Task requirements ▸
When a line in the material contains the word "classes", copy it.

The input ▸

lemma nonneg_path_end_nonneg: "nonneg_path h t xs \<Longrightarrow> 0 \<le> t"
  by (induction xs arbitrary: h) auto

lemma nonneg_path_snoc:
  "nonneg_path h t (xs @ [b]) \<longleftrightarrow> nonneg_path h (t - height_step b) xs \<and> 0 \<le> t"
  by (induction xs arbitrary: h) (auto simp: height_step_def)

lemma nonneg_path_length: "nonneg_path h t xs \<Longrightarrow> h - t \<le> int (length xs)"
  by (induction xs arbitrary: h) (fastforce simp: height_step_def split: if_splits)+

lemma depth_Nil [simp]: "depth [] = 0"
  by (simp add: depth_def)

lemma depth_Cons: "depth (b # xs) = height_step b + depth xs"
  by (simp add: depth_def height_step_def)

lemma nonneg_path_iff_depth:
  "nonneg_path h t xs \<longleftrightarrow> (\<forall>n\<le>length xs. 0 \<le> h + depth (take n xs)) \<and> h + depth xs = t"
proof (induction xs arbitrary: h)
  case Nil
  then show ?case by simp
next
  case (Cons b xs)
  have "(\<forall>n\<le>length (b # xs). 0 \<le> h + depth (take n (b # xs))) \<longleftrightarrow>
        0 \<le> h \<and> (\<forall>n\<le>length xs. 0 \<le> h + height_step b + depth (take n xs))"
    by (simp add: All_less_Suc2 depth_Cons add.assoc flip: less_Suc_eq_le)
  then show ?case
    using Cons.IH[of "h + height_step b"] by (auto simp: depth_Cons algebra_simps)
qed

lemma pstring_iff_nonneg_path: "pstring s xs \<longleftrightarrow> length xs = 2 * s \<and> nonneg_path 0 0 xs"
  by (auto simp: pstring_def balanced_def nonneg_path_iff_depth)
lemma eff_ratio_numer_cont: "0 < a \<Longrightarrow> continuous_on {a..b} (eff_ratio_numer k f)"
  by (intro continuous_at_imp_continuous_on ballI DERIV_isCont[OF eff_ratio_numer_has_deriv]) auto

lemma eff_ratio_numer_increasing:
  assumes "0 < a" "a < b" "b \<le> x0"
  shows "eff_ratio_numer k f a < eff_ratio_numer k f b"
proof (rule DERIV_pos_imp_increasing_open[OF \<open>a < b\<close> _ eff_ratio_numer_cont[OF \<open>0 < a\<close>]])
  fix x assume "a < x" "x < b"
  with assms show "\<exists>y. (eff_ratio_numer k f has_real_derivative y) (at x) \<and> 0 < y"
    using eff_ratio_numer_has_deriv eff_ratio_numer_slope_pos by force
qed

lemma eff_ratio_numer_pos:
  assumes "0 < y" "y \<le> x0"
  shows "0 < eff_ratio_numer k f y"
proof (rule ccontr)
  assume "\<not> 0 < eff_ratio_numer k f y"
  then have neg: "eff_ratio_numer k f (y / 2) < 0"
    using eff_ratio_numer_increasing[of "y / 2" y] assms by simp
  have "continuous (at 0 within {0..}) f"
    using f_cont by (simp add: continuous_on_eq_continuous_within)
  then have "(f \<longlongrightarrow> f 0) (at 0 within {0..})"
    by (simp add: continuous_within)
  then have "(f \<longlongrightarrow> 0) (at_right 0)"
    using f0 by (auto elim: tendsto_within_subset)
  \<comment> \<open>near 0 the numerator lies between -f x, which tends to 0, and its negative value at y/2\<close>
  have lower: "- f x \<le> eff_ratio_numer k f x" if "0 < x" "x < y / 2" for x
    using that assms x0 one_minus_k_pos[of x] deriv_f_nonneg[of x]
    by (simp add: eff_ratio_numer_def)
  have upper: "eff_ratio_numer k f x < eff_ratio_numer k f (y / 2)" if "0 < x" "x < y / 2" for x
    using that assms eff_ratio_numer_increasing[of x "y / 2"] by simp
  have "\<forall>\<^sub>F x in at_right 0. f x < - eff_ratio_numer k f (y / 2)"
    using \<open>(f \<longlongrightarrow> 0) (at_right 0)\<close> neg by (intro order_tendstoD) auto
  moreover have "\<forall>\<^sub>F x in at_right 0. 0 < x \<and> x < y / 2"
    using assms unfolding eventually_at_right_field by (intro exI[of _ "y / 2"]) auto
  ultimately have "\<forall>\<^sub>F x in at_right (0::real). False"
    by eventually_elim (use lower upper in fastforce)
  then show False by simp
qed

lemma eff_ratio_numer_decreasing:
  assumes "x0 \<le> a" "a < b" "b \<le> 1 / k"
  shows "eff_ratio_numer k f b < eff_ratio_numer k f a"
proof (rule DERIV_nonpos_imp_strictly_decreasing[OF _ _ _ assms])
  show "(eff_ratio_numer k f has_real_derivative
           x * ((1 - k * x) * deriv (deriv f) x - 2 * k * deriv f x)) (at x)"
    if "x0 \<le> x" "x \<le> 1 / k" for x
    using that x0 by (intro eff_ratio_numer_has_deriv) simp
  show "x * ((1 - k * x) * deriv (deriv f) x - 2 * k * deriv f x) \<le> 0"
    if "x0 < x" "x < 1 / k" for x
    using that x0 eff_ratio_numer_slope_nonpos(1)[OF that] by (simp add: mult_nonneg_nonpos)
  show "\<exists>z. u < z \<and> z < v \<and> z * ((1 - k * z) * deriv (deriv f) z - 2 * k * deriv f z) < 0"
    if "x0 \<le> u" "u < v" "v \<le> 1 / k" for u v
  proof -
    \<comment> \<open>since f is strictly increasing, deriv f is positive somewhere in every interval\<close>
    have "\<exists>z. u < z \<and> z < v \<and> f v - f u = (v - u) * deriv f z"
      by (rule MVT2[OF \<open>u < v\<close>]) (use f_has_deriv that x0 in auto)
    then obtain z where z: "u < z" "z < v" "f v - f u = (v - u) * deriv f z"
      by blast
    have "0 < f v - f u" using f_less[of u v] that x0 by simp
    with z have "0 < deriv f z" using \<open>u < v\<close> by (simp add: zero_less_mult_iff)
    then have "(1 - k * z) * deriv (deriv f) z - 2 * k * deriv f z < 0"
      using eff_ratio_numer_slope_nonpos(2)[of z] z that by simp
    then show ?thesis using z that x0 by (intro exI[of _ z]) (simp add: mult_pos_neg)
  qed
qed
(* Let $B=(b_{pq})\in\mathcal A_n$ and $R_{ij}^{kl}\in E(B)$ (with $i<j$, $k<l$), and let $A=(a_{pq})$ be any real $n\times n$ matrix. Then the following are equivalent: (1) $A\in\mathcal A_n$ and $A\xrightarrow{ij,kl}B$ in the ASM graph; (2) $a_{ik}-b_{ik}=1$, $a_{il}-b_{il}=-1$, $a_{jk}-b_{jk}=-1$, $a_{jl}-b_{jl}=1$, and $a_{pq}=b_{pq}$ for every $(p,q)\notin\{(i,k),(i,l),(j,k),(j,l)\}$.
   Context: An $n\times n$ matrix $A=(a_{ij})$ is an alternating sign matrix (ASM) if all $a_{ij}\in\{-1,0,1\}$, all partial row sums $\sum_{k\le j}a_{ik}$ and partial column sums $\sum_{k\le i}a_{kj}$ lie in $\{0,1\}$, and every full row sum and column sum equals $1$; $\mathcal A_n$ is the set of $n\times n$ ASMs. The corner sum matrix is $\widetilde A(i,j)=\sum_{p\le i,q\le j}a_{pq}$, with $\widetilde A(i,j)=0$ if $i=0$ or $j=0$. For $i<j$, $k<l$ in $[n]$, $R_{ij}^{kl}=\{(p,q): i\le p<j,\ k\le q<l\}$ and $\widetilde R_{ij}^{kl}$ is its $0/1$ indicator matrix. $E(A)$ (essential rectangles): those $R_{ij}^{kl}$ with, for all $(p,q)\in R_{ij}^{kl}$, $\widetilde A(p,k)=\widetilde A(p,k-1)$, $\widetilde A(p,l)=\widetilde A(p,l-1)+1$, $\widetilde A(i,q)=\widetilde A(i-1,q)$, $\widetilde A(j,q)=\widetilde A(j-1,q)+1$. $E^*(A)$ (dual essential rectangles): those with $\widetilde A(p,k)=\widetilde A(p,k-1)+1$, $\widetilde A(p,l)=\widetilde A(p,l-1)$, $\widetilde A(i,q)=\widetilde A(i-1,q)+1$, $\widetilde A(j,q)=\widetilde A(j-1,q)$. The operator $r_{ij}^{kl}$ sends $A$ to the ASM with corner sum matrix $\widetilde A+\widetilde R_{ij}^{kl}$ if $R_{ij}^{kl}\in E(A)$, $\widetilde A-\widetilde R_{ij}^{kl}$ if $R_{ij}^{kl}\in E^*(A)$, $\widetilde A$ otherwise. The bigrassmannian statistic is $\beta(A)=\sum_{i,j=1}^n\min(i,j)-\sum_{i,j=1}^n\widetilde A(i,j)$. ASM graph edge: $A\xrightarrow{ij,kl}B$ if $B=r_{ij}^{kl}(A)$ and $\beta(A)<\beta(B)$. *)

theory Defs
  imports Complex_Main
begin

text \<open>An n x n real matrix is represented as a function nat => nat => real;
  only the entries with indices in {1..n} x {1..n} are relevant.\<close>

definition is_asm :: "nat \<Rightarrow> (nat \<Rightarrow> nat \<Rightarrow> real) \<Rightarrow> bool" where
  "is_asm n A \<longleftrightarrow>
     (\<forall>p\<in>{1..n}. \<forall>q\<in>{1..n}. A p q \<in> {-1, 0, 1}) \<and>
     (\<forall>p\<in>{1..n}. \<forall>q\<in>{1..n}. (\<Sum>r\<in>{1..q}. A p r) \<in> {0, 1}) \<and>
     (\<forall>p\<in>{1..n}. \<forall>q\<in>{1..n}. (\<Sum>r\<in>{1..p}. A r q) \<in> {0, 1}) \<and>
     (\<forall>p\<in>{1..n}. (\<Sum>r\<in>{1..n}. A p r) = 1) \<and>
     (\<forall>q\<in>{1..n}. (\<Sum>r\<in>{1..n}. A r q) = 1)"

definition cs :: "(nat \<Rightarrow> nat \<Rightarrow> real) \<Rightarrow> nat \<Rightarrow> nat \<Rightarrow> real" where
  "cs A p q = (\<Sum>x\<in>{1..p}. \<Sum>y\<in>{1..q}. A x y)"

definition rect_ind :: "nat \<Rightarrow> nat \<Rightarrow> nat \<Rightarrow> nat \<Rightarrow> nat \<Rightarrow> nat \<Rightarrow> real" where
  "rect_ind i j k l p q = (if i \<le> p \<and> p < j \<and> k \<le> q \<and> q < l then 1 else 0)"

definition ess_rect :: "(nat \<Rightarrow> nat \<Rightarrow> real) \<Rightarrow> nat \<Rightarrow> nat \<Rightarrow> nat \<Rightarrow> nat \<Rightarrow> bool" where
  "ess_rect A i j k l \<longleftrightarrow>
     (\<forall>p q. i \<le> p \<and> p < j \<and> k \<le> q \<and> q < l \<longrightarrow>
        cs A p k = cs A p (k - 1) \<and>
        cs A p l = cs A p (l - 1) + 1 \<and>
        cs A i q = cs A (i - 1) q \<and>
        cs A j q = cs A (j - 1) q + 1)"

definition dual_ess_rect :: "(nat \<Rightarrow> nat \<Rightarrow> real) \<Rightarrow> nat \<Rightarrow> nat \<Rightarrow> nat \<Rightarrow> nat \<Rightarrow> bool" where
  "dual_ess_rect A i j k l \<longleftrightarrow>
     (\<forall>p q. i \<le> p \<and> p < j \<and> k \<le> q \<and> q < l \<longrightarrow>
        cs A p k = cs A p (k - 1) + 1 \<and>
        cs A p l = cs A p (l - 1) \<and>
        cs A i q = cs A (i - 1) q + 1 \<and>
        cs A j q = cs A (j - 1) q)"

definition r_cs :: "nat \<Rightarrow> nat \<Rightarrow> nat \<Rightarrow> nat \<Rightarrow> (nat \<Rightarrow> nat \<Rightarrow> real) \<Rightarrow> nat \<Rightarrow> nat \<Rightarrow> real" where
  "r_cs i j k l A p q =
     (if ess_rect A i j k l then cs A p q + rect_ind i j k l p q
      else if dual_ess_rect A i j k l then cs A p q - rect_ind i j k l p q
      else cs A p q)"

definition beta :: "nat \<Rightarrow> (nat \<Rightarrow> nat \<Rightarrow> real) \<Rightarrow> real" where
  "beta n A = (\<Sum>p\<in>{1..n}. \<Sum>q\<in>{1..n}. real (min p q)) - (\<Sum>p\<in>{1..n}. \<Sum>q\<in>{1..n}. cs A p q)"

text \<open>ASM graph edge A --(ij,kl)--> B: B = r_ij^kl(A) (B is the n x n ASM whose
  corner sum matrix is that of r_ij^kl(A)) and beta(A) < beta(B).\<close>
definition asm_edge :: "nat \<Rightarrow> nat \<Rightarrow> nat \<Rightarrow> nat \<Rightarrow> nat \<Rightarrow> (nat \<Rightarrow> nat \<Rightarrow> real) \<Rightarrow> (nat \<Rightarrow> nat \<Rightarrow> real) \<Rightarrow> bool" where
  "asm_edge n i j k l A B \<longleftrightarrow>
     is_asm n B \<and>
     (\<forall>p\<in>{1..n}. \<forall>q\<in>{1..n}. cs B p q = r_cs i j k l A p q) \<and>
     beta n A < beta n B"

end

theory Submission
  imports Defs
begin

text \<open>Condition (2) says \<open>A = B + (e\<^sub>i - e\<^sub>j)(e\<^sub>k - e\<^sub>l)\<^sup>T\<close>, and the corner sum
  matrix of this rank-one matrix is the indicator \<open>R\<close> of \<open>R\<^sub>i\<^sub>j\<^sup>k\<^sup>l\<close>; so (2) says
  \<open>cs A = cs B + R\<close>.
  In (1), \<open>\<beta>\<close> strictly increases, so \<open>r\<^sub>i\<^sub>j\<^sup>k\<^sup>l\<close> moves \<open>A\<close>, and \<open>R\<close> cannot be
  essential for \<open>A\<close> (then \<open>\<beta>\<close> would drop): it is dual essential and \<open>cs B = cs A - R\<close>.
  Conversely, if \<open>cs A = cs B + R\<close>, then \<open>R\<close>, being essential for \<open>B\<close>, is dual essential
  for \<open>A\<close>; and \<open>A\<close> is an ASM because its partial row sums differ from those of \<open>B\<close>
  only in rows \<open>i\<close> and \<open>j\<close> at columns \<open>k..l-1\<close>, where essentiality makes them \<open>0\<close>
  and \<open>1\<close> for \<open>B\<close> and they are exchanged in \<open>A\<close>. Columns are the transposed case.\<close>

lemma cs_zero_left [simp]: "cs A 0 q = 0"
  by (simp add: cs_def)

lemma cs_zero_right [simp]: "cs A p 0 = 0"
  by (simp add: cs_def)

lemma cs_row: "1 \<le> p \<Longrightarrow> cs A p q = cs A (p - 1) q + (\<Sum>y\<in>{1..q}. A p y)"
  unfolding cs_def by (cases p) (auto simp: sum.cl_ivl_Suc)

(* Use only instantiated: as a simp rule it also rewrites cs B itself,
   taking A := (\<lambda>p q. B q p), and loops. *)
lemma cs_transpose: "cs (\<lambda>p q. A q p) p q = cs A q p"
  unfolding cs_def by (rule sum.swap)

lemma entry_eq_cs:
  assumes "1 \<le> p" "1 \<le> q"
  shows "A p q = cs A p q - cs A (p - 1) q - cs A p (q - 1) + cs A (p - 1) (q - 1)"
proof -
  obtain q' where "q = Suc q'" using assms(2) by (cases q) auto
  then show ?thesis
    using cs_row[OF assms(1), of A q] cs_row[OF assms(1), of A "q - 1"]
    by (simp add: sum.cl_ivl_Suc)
qed
lemma pdiff_lossG_rescale:
  assumes lampos: "\<forall>l\<in>{1..L}. lam l > 0"
  shows "pdiff (lossG L d Y lam) (rescale L lam W) l i j
     = (\<Prod>l=1..L. lam l) / layer_weight L lam l * pdiff (lossF L d Y lam) W l i j"
proof -
  define lm where "lm = (\<Prod>l=1..L. lam l)"
  define c where "c = layer_weight L lam l"
  define h where "h = (\<lambda>u. lossG L d Y lam (perturb (rescale L lam W) l i j u))"
  have "lm > 0" unfolding lm_def using lampos by (intro prod_pos) auto
  have "c > 0" unfolding c_def using layer_weight_pos[OF lampos] .
  have "h (c * t) = lm * lossF L d Y lam (perturb W l i j t)" for t
    unfolding h_def c_def lm_def by (simp add: rescale_perturb[symmetric] lossG_rescale[OF lampos])
  then have lossF_perturb: "(\<lambda>t. lossF L d Y lam (perturb W l i j t)) = (\<lambda>t. h (c * t) / lm)"
    using \<open>lm > 0\<close> by (simp add: fun_eq_iff)
  have "DERIV h (c * 0) :> deriv h 0"
    unfolding h_def by (simp add: DERIV_deriv_iff_real_differentiable lossG_perturb_differentiable)
  then have "DERIV (\<lambda>t. h (c * t) / lm) 0 :> deriv h 0 * c / lm"
    by (intro DERIV_cdivide DERIV_chain2[of h]) (auto intro!: derivative_eq_intros)
  then have "pdiff (lossF L d Y lam) W l i j = c / lm * deriv h 0"
    unfolding pdiff_perturb lossF_perturb by (simp add: DERIV_imp_deriv)
  moreover have "pdiff (lossG L d Y lam) (rescale L lam W) l i j = deriv h 0"
    unfolding h_def pdiff_perturb ..
  ultimately have "pdiff (lossG L d Y lam) (rescale L lam W) l i j
      = lm / c * pdiff (lossF L d Y lam) W l i j"
    using \<open>lm > 0\<close> \<open>c > 0\<close> by (simp add: field_simps)
  then show ?thesis unfolding lm_def c_def .
qed

lemma mprod_perturb_zero:
  assumes "2 \<le> k"
  shows "mprod d (perturb (\<lambda>a b c. 0) l i j t) k a b = 0"
  using assms
proof (induction k arbitrary: a b rule: dec_induct)
  case base
  show ?case by (cases "l = 2") (auto simp: perturb_def numeral_2_eq_2)
next
  case (step k)
  then show ?case by simp
qed
lemma proximal_point_exists:
  fixes g :: "'a::euclidean_space \<Rightarrow> real"
  assumes cont: "continuous_on UNIV g" and nonneg: "\<And>x. 0 \<le> g x" and "0 < t"
  shows "\<exists>p. \<forall>y. g p + (norm (p - z))\<^sup>2 / (2*t) \<le> g y + (norm (y - z))\<^sup>2 / (2*t)"
proof -
  define R where "R = 2*t*g z + 1"
  have R1: "R \<ge> 1" using nonneg \<open>0 < t\<close> by (simp add: R_def)
  have "continuous_on (cball z R) (\<lambda>y. g y + (norm (y - z))\<^sup>2 / (2*t))"
    using \<open>0 < t\<close> by (intro continuous_intros continuous_on_subset[OF cont]) auto
  then obtain p where p: "\<And>y. y \<in> cball z R \<Longrightarrow>
      g p + (norm (p - z))\<^sup>2 / (2*t) \<le> g y + (norm (y - z))\<^sup>2 / (2*t)"
    using continuous_attains_inf[of "cball z R"] R1 by fastforce
  have "g p + (norm (p - z))\<^sup>2 / (2*t) \<le> g z"
    using p[of z] R1 by simp
  moreover have "g z \<le> (norm (y - z))\<^sup>2 / (2*t)" if "y \<notin> cball z R" for y
  proof -
    have "R \<le> norm (y - z)" using that by (simp add: dist_norm norm_minus_commute)
    then have "R * 1 \<le> norm (y - z) * norm (y - z)" using R1 by (intro mult_mono) auto
    then have "2*t*g z \<le> (norm (y - z))\<^sup>2" by (simp add: R_def power2_eq_square)
    then show ?thesis using \<open>0 < t\<close> by (simp add: field_simps)
  qed
  ultimately show ?thesis
    using p nonneg by (metis add_increasing order.trans)
qed
(* Let $(S,\mathcal{A},\mu)$ be a complete, $\sigma$-finite measure space and $X$ an octahedral real Banach space. Then $L^1(\mu,X)$ and $L^\infty(\mu,X)$ are also octahedral.
   Context: A real Banach space $X$ is octahedral if for every finite-dimensional subspace $F$ of $X$ and every $\varepsilon>0$ there is $y\in S_X$ (the unit sphere) with $\|x+y\|\ge(1-\varepsilon)(\|x\|+1)$ for all $x\in F$. $L^1(\mu,X)$, $L^\infty(\mu,X)$ are the Lebesgue–Bochner spaces. *)

theory Defs
  imports "HOL-Analysis.Analysis" "HOL-Probability.Essential_Supremum"
begin

text \<open>Octahedrality of a real normed space, given as a type.
  Finite-dimensional subspaces are exactly the spans of finite sets.\<close>
definition octahedral :: "'b::real_normed_vector itself \<Rightarrow> bool" where
  "octahedral _ \<longleftrightarrow>
     (\<forall>B::'b set. finite B \<longrightarrow> (\<forall>\<epsilon>>0. \<exists>y. norm y = 1 \<and>
        (\<forall>x\<in>span B. norm (x + y) \<ge> (1 - \<epsilon>) * (norm x + 1))))"

text \<open>Octahedrality of a function space V (a real vector space of functions under
  pointwise operations) with seminorm N; this is octahedrality of the normed quotient
  V / ker N (e.g. the space of a.e.-equivalence classes). A finite-dimensional subspace
  of the quotient is spanned by the classes of finitely many elements of V.\<close>
definition octahedral_fs :: "('a \<Rightarrow> 'b::real_normed_vector) set \<Rightarrow> (('a \<Rightarrow> 'b) \<Rightarrow> real) \<Rightarrow> bool" where
  "octahedral_fs V N \<longleftrightarrow>
     (\<forall>B. finite B \<and> B \<subseteq> V \<longrightarrow> (\<forall>\<epsilon>>0. \<exists>y\<in>V. N y = 1 \<and>
        (\<forall>c :: ('a \<Rightarrow> 'b) \<Rightarrow> real.
           N (\<lambda>s. (\<Sum>f\<in>B. c f *\<^sub>R f s) + y s)
             \<ge> (1 - \<epsilon>) * (N (\<lambda>s. \<Sum>f\<in>B. c f *\<^sub>R f s) + 1))))"

definition strongly_measurable :: "'a measure \<Rightarrow> ('a \<Rightarrow> 'b::real_normed_vector) \<Rightarrow> bool" where
  "strongly_measurable M f \<longleftrightarrow>
     (\<exists>s. (\<forall>n. simple_function M (s n)) \<and> (AE x in M. (\<lambda>n. s n x) \<longlonglongrightarrow> f x))"

text \<open>Defined directly
  rather than via the library's integrable, which requires X second countable (separable).\<close>
definition L1_space :: "'a measure \<Rightarrow> ('a \<Rightarrow> 'b::real_normed_vector) set" where
  "L1_space M = {f. strongly_measurable M f \<and> (\<integral>\<^sup>+ x. ennreal (norm (f x)) \<partial>M) < \<infinity>}"

definition L1_norm :: "'a measure \<Rightarrow> ('a \<Rightarrow> 'b::real_normed_vector) \<Rightarrow> real" where
  "L1_norm M f = enn2real (\<integral>\<^sup>+ x. ennreal (norm (f x)) \<partial>M)"

definition Linf_space :: "'a measure \<Rightarrow> ('a \<Rightarrow> 'b::real_normed_vector) set" where
  "Linf_space M = {f. strongly_measurable M f \<and> esssup M (\<lambda>x. ereal (norm (f x))) < \<infinity>}"
(* Let $(\mathcal{L},\mathcal{M},\hat{\mathcal{L}},\hat{\mathcal{M}})$ be a solution of the dDS hierarchy, i.e. the Lax-Sato equations $\frac{\partial K}{\partial t_{mn}}=\{H_{mn},K\}$ hold for $K\in\{\mathcal{L},\mathcal{M},\hat{\mathcal{L}},\hat{\mathcal{M}}\}$ and all $m+n\ge 1$, together with $\{\mathcal{L},\mathcal{M}\}=\{\hat{\mathcal{L}},\hat{\mathcal{M}}\}=1$. Then there exists a function $\tau_{dDS}(t)$ (the tau function) such that $$d\log\tau_{dDS}(t)=\sum_{m+n\ge 2}\big(v_{m+1}+\hat v_{n+1}\big)\,dt_{mn},$$ i.e. the 1-form on the right-hand side (in the variables $t_{mn}$, $m+n\ge 2$) is closed.
   Context: Variables: $t=(t_{mn})$ with $m,n\in\mathbb{N}=\{0,1,2,\dots\}$, $m+n\ge 1$, where $t_{10}\equiv z$ and $t_{01}\equiv\hat z$; $p$ is a complex parameter. Poisson bracket: $\{A,B\}=\frac{\partial A}{\partial p}\frac{\partial B}{\partial z}-\frac{\partial A}{\partial z}\frac{\partial B}{\partial p}$. $\mathcal{L}=p+\sum_{i\le 0}f_i(t)p^i$ and $\hat{\mathcal{L}}=\frac{u(t)}{p}+\sum_{i\ge 0}g_i(t)p^i$ are formal Laurent series in $p$ (coefficients depending on $t$). For a Laurent series, $(\cdot)_{>0}$ denotes the part with positive powers of $p$ and $(\cdot)_{\le 0}$ the part with non-positive powers. Hamiltonians: $H_{mn}=(\mathcal{L}^m)_{>0}+(\hat{\mathcal{L}}^n)_{\le 0}$ (so $H_{m0}=(\mathcal{L}^m)_{>0}$, $H_{0n}=(\hat{\mathcal{L}}^n)_{\le 0}$). Orlov functions: $\mathcal{M}=\sum_{m+n\ge 2}m\,t_{mn}\mathcal{L}^{m-1}+z+\sum_{i=1}^{\infty}v_{i+1}\mathcal{L}^{-i-1}$, $\hat{\mathcal{M}}=\sum_{m+n\ge 2}n\,t_{mn}\hat{\mathcal{L}}^{n-1}+\hat z+\sum_{i=1}^{\infty}\hat v_{i+1}\hat{\mathcal{L}}^{-i-1}$, with coefficients $v_{i+1}(t),\hat v_{i+1}(t)$. Convention: $v_1=\hat v_1=0$ (there is no $\mathcal{L}^{-1}$, resp. $\hat{\mathcal{L}}^{-1}$, term). *)

theory Defs
  imports "HOL-Analysis.Analysis" "HOL-Computational_Algebra.Formal_Laurent_Series"
begin

text \<open>A point of time space: t (m,n) = t_mn. The coordinate (0,0) is a dummy
  (it never occurs). z = t (1,0), zhat = t (0,1).
  We work on finitely supported times (only finitely many t_mn nonzero).\<close>

type_synonym times = "nat \<times> nat \<Rightarrow> complex"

Exercise output ▸
  V / ker N (e.g. the space of a.e.-equivalence classes). A finite-dimensional subspace
  of the quotient is spanned by the classes of finitely many elements of V.\<close>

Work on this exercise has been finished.